__Data under study__

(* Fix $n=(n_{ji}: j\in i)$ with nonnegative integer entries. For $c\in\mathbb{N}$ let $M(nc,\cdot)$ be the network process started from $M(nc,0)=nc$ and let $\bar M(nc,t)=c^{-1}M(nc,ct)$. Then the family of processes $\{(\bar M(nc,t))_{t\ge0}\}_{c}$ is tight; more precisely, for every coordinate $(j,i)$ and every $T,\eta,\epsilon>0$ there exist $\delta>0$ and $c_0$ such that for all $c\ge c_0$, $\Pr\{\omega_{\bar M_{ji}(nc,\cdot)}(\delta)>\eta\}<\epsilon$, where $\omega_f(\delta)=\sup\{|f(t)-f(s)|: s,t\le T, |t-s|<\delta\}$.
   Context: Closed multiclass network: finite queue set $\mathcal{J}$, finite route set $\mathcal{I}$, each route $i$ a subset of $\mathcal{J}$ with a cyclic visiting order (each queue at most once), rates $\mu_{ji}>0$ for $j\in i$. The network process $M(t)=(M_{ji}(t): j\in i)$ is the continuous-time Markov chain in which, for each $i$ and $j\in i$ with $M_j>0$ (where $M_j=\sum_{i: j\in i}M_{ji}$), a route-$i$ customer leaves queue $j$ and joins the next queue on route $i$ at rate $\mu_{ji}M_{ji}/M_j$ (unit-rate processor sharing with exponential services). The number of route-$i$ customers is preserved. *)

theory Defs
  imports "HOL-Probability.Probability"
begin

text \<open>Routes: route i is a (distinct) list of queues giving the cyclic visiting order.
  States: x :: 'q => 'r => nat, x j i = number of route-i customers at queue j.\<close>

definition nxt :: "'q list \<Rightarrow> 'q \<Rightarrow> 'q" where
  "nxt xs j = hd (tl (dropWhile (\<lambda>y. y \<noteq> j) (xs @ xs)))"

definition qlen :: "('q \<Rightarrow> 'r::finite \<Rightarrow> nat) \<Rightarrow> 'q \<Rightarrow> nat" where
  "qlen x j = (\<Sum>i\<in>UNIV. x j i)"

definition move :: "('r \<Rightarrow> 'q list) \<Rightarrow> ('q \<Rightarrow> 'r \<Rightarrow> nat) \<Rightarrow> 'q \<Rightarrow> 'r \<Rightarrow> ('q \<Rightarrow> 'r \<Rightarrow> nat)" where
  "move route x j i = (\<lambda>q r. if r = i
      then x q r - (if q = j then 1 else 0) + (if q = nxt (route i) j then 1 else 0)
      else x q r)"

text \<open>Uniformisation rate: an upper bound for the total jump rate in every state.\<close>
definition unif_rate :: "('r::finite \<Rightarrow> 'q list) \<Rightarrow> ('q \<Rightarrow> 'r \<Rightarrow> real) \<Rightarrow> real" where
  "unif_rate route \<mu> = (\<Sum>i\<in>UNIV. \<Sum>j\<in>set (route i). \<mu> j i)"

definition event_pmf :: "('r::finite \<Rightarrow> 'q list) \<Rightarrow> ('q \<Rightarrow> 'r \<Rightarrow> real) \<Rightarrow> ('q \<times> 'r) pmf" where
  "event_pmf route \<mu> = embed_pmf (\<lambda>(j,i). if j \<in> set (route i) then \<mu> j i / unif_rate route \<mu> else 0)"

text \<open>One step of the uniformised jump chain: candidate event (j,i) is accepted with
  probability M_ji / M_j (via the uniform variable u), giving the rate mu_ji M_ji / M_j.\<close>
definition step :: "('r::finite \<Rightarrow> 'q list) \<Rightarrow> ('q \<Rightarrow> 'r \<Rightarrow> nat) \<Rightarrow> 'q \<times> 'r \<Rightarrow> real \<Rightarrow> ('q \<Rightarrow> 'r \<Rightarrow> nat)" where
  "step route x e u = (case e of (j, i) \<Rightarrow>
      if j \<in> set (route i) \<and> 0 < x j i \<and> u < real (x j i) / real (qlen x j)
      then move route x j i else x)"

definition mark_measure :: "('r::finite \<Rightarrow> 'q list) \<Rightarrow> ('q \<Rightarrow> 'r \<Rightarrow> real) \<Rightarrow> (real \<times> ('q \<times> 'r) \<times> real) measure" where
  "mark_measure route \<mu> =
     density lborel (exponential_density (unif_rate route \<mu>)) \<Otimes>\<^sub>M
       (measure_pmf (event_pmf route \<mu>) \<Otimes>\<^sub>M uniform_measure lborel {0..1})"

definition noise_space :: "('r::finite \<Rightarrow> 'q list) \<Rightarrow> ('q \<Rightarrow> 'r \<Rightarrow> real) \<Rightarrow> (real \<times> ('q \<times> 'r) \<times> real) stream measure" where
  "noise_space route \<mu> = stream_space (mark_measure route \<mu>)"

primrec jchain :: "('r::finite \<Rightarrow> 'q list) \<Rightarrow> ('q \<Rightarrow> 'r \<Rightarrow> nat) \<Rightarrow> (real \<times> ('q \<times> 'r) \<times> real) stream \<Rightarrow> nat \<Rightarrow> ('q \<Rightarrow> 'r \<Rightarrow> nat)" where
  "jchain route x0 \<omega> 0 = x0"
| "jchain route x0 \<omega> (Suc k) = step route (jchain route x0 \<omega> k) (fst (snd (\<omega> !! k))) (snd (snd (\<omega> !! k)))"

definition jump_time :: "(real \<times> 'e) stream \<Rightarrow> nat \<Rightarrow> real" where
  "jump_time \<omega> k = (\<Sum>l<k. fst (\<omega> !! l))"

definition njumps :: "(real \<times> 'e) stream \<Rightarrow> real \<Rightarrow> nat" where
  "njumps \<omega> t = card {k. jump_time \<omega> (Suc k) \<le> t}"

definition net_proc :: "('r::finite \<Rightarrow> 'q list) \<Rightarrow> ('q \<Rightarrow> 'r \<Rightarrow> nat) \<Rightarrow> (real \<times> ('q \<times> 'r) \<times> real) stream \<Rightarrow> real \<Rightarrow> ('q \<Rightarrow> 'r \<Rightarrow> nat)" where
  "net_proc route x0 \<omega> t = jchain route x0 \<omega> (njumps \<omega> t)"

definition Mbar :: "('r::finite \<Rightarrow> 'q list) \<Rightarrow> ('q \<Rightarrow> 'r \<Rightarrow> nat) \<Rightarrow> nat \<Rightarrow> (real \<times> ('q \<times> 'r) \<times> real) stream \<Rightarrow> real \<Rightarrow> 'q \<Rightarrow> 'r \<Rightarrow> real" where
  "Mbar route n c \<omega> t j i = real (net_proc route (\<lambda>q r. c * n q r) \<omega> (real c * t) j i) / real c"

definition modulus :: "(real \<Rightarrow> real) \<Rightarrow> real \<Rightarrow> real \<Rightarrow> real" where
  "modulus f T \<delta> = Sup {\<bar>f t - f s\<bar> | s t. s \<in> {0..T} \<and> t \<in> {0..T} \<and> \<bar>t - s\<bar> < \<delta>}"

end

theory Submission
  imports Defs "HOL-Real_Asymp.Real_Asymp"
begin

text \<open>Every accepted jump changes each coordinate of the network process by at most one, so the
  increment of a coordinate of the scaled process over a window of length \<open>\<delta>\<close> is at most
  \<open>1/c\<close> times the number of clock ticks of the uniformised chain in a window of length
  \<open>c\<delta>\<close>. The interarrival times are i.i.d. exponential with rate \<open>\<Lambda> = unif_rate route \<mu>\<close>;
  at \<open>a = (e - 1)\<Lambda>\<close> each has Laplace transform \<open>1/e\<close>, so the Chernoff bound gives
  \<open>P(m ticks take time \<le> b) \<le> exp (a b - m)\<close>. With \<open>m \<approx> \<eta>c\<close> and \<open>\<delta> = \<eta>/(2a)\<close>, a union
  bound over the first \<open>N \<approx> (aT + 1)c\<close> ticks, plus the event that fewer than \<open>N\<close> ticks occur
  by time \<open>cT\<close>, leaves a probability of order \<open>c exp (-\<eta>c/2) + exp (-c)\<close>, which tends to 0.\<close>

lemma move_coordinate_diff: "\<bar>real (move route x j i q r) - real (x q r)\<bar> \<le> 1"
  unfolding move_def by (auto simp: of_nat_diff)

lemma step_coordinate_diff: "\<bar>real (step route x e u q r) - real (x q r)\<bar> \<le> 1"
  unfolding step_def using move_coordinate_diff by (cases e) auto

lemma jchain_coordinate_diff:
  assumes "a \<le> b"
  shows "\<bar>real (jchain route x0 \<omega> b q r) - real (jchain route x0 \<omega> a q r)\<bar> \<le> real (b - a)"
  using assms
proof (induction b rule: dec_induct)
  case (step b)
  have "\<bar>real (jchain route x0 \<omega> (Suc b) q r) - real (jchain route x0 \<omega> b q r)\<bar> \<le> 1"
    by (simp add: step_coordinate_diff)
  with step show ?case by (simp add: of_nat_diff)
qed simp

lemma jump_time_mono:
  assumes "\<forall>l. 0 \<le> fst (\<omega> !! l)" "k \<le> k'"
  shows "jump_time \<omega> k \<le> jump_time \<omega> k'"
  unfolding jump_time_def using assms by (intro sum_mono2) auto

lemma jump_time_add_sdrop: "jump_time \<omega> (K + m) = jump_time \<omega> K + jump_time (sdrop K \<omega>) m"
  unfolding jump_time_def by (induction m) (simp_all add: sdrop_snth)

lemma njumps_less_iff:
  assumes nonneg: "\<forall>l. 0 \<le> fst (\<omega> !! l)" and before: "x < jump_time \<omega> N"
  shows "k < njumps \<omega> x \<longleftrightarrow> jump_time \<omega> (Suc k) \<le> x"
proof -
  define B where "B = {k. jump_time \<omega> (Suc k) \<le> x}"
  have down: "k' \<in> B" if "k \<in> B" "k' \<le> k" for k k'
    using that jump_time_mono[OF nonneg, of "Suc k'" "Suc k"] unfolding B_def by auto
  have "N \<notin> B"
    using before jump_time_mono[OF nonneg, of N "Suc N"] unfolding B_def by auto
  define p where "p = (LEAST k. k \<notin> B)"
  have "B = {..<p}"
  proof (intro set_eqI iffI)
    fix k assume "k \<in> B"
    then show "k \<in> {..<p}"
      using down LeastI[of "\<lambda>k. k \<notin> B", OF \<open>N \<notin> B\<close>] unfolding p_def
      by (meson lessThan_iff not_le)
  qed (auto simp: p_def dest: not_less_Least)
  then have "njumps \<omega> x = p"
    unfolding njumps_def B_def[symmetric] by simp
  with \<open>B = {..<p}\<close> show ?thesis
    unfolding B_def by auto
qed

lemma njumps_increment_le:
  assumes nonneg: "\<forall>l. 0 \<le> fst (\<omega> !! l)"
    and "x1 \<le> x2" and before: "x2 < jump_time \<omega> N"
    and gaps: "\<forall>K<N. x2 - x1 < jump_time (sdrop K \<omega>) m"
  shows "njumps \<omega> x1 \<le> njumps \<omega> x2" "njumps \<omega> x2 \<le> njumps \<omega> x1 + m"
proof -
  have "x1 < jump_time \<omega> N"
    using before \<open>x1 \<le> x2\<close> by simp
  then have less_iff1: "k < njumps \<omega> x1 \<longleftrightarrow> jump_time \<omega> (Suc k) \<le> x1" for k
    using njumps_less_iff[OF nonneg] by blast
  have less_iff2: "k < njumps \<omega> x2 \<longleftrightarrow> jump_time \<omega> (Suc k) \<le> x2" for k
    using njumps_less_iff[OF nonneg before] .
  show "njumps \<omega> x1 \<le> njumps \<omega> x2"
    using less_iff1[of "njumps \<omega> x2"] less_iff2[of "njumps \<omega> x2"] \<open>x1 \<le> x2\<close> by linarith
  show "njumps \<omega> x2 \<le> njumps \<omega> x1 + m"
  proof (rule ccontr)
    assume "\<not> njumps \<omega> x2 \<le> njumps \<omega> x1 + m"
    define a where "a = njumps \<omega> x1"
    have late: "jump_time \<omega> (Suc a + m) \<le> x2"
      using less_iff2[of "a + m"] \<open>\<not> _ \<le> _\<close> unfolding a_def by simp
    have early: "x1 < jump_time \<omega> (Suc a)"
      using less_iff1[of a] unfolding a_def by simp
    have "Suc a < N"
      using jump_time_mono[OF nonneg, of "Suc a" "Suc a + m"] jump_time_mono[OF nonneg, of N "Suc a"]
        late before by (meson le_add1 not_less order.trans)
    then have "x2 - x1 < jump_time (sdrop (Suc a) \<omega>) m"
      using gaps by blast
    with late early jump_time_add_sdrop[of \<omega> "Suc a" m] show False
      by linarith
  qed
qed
...
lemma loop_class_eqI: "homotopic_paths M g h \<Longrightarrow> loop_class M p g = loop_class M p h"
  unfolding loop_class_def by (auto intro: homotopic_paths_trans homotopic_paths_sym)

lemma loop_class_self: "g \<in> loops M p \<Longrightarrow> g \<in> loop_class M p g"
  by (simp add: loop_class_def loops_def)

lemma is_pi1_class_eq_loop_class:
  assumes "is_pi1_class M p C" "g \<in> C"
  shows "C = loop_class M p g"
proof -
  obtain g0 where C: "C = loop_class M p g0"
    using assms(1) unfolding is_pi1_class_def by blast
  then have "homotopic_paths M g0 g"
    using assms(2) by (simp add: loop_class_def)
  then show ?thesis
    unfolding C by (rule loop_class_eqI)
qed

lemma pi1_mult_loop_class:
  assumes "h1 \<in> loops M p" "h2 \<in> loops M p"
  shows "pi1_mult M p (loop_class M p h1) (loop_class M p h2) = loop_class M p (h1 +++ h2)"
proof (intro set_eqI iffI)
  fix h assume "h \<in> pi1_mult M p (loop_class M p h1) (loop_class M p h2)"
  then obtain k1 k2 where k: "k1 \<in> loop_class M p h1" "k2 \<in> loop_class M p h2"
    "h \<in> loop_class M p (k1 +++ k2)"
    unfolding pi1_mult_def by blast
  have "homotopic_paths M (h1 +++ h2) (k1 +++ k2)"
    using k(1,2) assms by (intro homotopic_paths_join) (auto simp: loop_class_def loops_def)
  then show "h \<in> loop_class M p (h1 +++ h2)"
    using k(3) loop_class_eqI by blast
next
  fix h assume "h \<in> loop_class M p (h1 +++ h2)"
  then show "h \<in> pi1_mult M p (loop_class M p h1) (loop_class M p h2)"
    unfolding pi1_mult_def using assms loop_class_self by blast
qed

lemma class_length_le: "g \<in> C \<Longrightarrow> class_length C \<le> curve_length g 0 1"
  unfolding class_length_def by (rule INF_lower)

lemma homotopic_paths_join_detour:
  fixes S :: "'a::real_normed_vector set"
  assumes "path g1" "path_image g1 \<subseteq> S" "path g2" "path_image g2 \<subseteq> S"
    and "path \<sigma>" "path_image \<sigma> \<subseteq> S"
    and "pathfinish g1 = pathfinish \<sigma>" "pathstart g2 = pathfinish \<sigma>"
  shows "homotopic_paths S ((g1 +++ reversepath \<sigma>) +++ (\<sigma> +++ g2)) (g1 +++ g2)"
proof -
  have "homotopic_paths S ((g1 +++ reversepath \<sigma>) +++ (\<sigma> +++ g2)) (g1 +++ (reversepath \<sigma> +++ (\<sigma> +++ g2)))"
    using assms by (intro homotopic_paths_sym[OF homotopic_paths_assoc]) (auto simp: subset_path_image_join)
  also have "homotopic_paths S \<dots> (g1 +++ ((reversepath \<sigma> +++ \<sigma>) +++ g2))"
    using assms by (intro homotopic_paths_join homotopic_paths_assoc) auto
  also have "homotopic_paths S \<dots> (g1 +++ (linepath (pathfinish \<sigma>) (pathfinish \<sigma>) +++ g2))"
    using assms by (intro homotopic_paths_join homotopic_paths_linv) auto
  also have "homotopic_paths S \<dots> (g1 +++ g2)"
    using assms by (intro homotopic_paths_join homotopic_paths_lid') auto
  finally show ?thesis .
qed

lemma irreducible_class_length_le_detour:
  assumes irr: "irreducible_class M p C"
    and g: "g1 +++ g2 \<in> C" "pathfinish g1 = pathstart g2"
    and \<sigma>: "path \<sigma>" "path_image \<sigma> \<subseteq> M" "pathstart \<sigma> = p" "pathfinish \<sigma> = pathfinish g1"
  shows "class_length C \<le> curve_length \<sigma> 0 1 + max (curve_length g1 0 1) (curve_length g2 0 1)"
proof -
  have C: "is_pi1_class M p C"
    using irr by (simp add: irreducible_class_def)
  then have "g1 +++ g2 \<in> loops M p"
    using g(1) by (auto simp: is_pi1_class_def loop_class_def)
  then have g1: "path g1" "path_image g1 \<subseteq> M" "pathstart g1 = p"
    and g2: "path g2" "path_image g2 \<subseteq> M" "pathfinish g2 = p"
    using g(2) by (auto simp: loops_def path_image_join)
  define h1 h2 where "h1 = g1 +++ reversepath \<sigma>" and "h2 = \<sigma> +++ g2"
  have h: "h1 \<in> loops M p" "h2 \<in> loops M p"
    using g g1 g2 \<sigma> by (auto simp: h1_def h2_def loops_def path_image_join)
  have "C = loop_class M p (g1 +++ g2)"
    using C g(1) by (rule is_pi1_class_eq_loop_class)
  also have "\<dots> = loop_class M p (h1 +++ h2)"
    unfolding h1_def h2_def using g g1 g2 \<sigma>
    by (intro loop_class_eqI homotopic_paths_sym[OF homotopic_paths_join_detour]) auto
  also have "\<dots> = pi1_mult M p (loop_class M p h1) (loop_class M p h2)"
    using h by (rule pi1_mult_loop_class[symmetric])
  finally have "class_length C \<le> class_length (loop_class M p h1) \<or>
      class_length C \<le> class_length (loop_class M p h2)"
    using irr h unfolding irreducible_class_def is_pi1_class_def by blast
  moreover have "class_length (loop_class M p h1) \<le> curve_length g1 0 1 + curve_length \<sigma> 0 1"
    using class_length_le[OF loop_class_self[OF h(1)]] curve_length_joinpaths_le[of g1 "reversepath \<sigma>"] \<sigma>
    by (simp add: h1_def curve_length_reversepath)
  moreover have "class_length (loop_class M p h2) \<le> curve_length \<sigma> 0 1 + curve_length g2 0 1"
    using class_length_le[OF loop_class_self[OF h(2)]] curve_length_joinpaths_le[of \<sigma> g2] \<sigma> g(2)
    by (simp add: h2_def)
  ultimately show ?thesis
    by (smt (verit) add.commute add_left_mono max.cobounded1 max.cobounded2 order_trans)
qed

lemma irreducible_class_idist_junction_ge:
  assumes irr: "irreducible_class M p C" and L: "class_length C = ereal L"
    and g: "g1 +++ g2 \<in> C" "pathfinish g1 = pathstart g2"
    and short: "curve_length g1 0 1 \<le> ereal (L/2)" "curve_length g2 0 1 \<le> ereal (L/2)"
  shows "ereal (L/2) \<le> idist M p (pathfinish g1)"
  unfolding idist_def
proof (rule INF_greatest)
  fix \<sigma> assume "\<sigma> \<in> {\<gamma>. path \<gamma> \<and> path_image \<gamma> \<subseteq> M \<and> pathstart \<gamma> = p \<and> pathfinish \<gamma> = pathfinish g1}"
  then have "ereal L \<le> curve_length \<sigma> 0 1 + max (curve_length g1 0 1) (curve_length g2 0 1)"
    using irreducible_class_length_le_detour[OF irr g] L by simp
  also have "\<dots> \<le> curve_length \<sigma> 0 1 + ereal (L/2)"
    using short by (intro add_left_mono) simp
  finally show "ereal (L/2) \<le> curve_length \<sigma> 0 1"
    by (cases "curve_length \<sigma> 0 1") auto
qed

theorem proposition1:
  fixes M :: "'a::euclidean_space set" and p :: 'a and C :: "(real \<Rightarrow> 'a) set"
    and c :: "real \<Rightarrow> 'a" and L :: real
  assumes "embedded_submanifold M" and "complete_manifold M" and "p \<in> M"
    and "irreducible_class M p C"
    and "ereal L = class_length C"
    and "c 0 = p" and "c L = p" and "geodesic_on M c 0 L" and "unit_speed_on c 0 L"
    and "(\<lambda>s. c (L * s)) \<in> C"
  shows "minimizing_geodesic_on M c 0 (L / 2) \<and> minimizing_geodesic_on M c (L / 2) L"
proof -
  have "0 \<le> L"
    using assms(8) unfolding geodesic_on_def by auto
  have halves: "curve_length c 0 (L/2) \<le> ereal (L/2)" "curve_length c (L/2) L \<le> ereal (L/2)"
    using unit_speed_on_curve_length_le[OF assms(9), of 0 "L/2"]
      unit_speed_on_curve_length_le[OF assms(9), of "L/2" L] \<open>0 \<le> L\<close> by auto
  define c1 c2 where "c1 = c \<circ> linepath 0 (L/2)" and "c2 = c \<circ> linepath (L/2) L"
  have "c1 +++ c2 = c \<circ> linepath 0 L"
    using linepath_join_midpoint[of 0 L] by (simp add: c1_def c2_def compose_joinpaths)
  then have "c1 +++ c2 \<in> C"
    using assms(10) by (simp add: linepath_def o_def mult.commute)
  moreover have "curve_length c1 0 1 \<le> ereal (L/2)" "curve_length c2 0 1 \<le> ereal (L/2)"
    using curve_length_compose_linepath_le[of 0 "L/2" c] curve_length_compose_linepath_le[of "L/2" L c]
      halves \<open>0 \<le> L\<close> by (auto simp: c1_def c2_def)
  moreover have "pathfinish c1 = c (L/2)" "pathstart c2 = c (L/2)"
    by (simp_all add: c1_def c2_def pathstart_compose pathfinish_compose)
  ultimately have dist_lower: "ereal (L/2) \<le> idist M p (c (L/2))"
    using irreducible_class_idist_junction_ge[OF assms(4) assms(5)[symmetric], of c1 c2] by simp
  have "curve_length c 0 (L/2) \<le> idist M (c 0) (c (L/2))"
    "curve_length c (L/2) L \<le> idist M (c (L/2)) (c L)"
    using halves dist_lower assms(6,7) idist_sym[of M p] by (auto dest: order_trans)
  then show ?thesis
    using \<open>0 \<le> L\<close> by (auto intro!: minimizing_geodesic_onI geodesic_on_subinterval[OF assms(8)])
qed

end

__Task objective__
Which lines of the entries contain "giving"? Count them and write only the number.

__The completed task__
2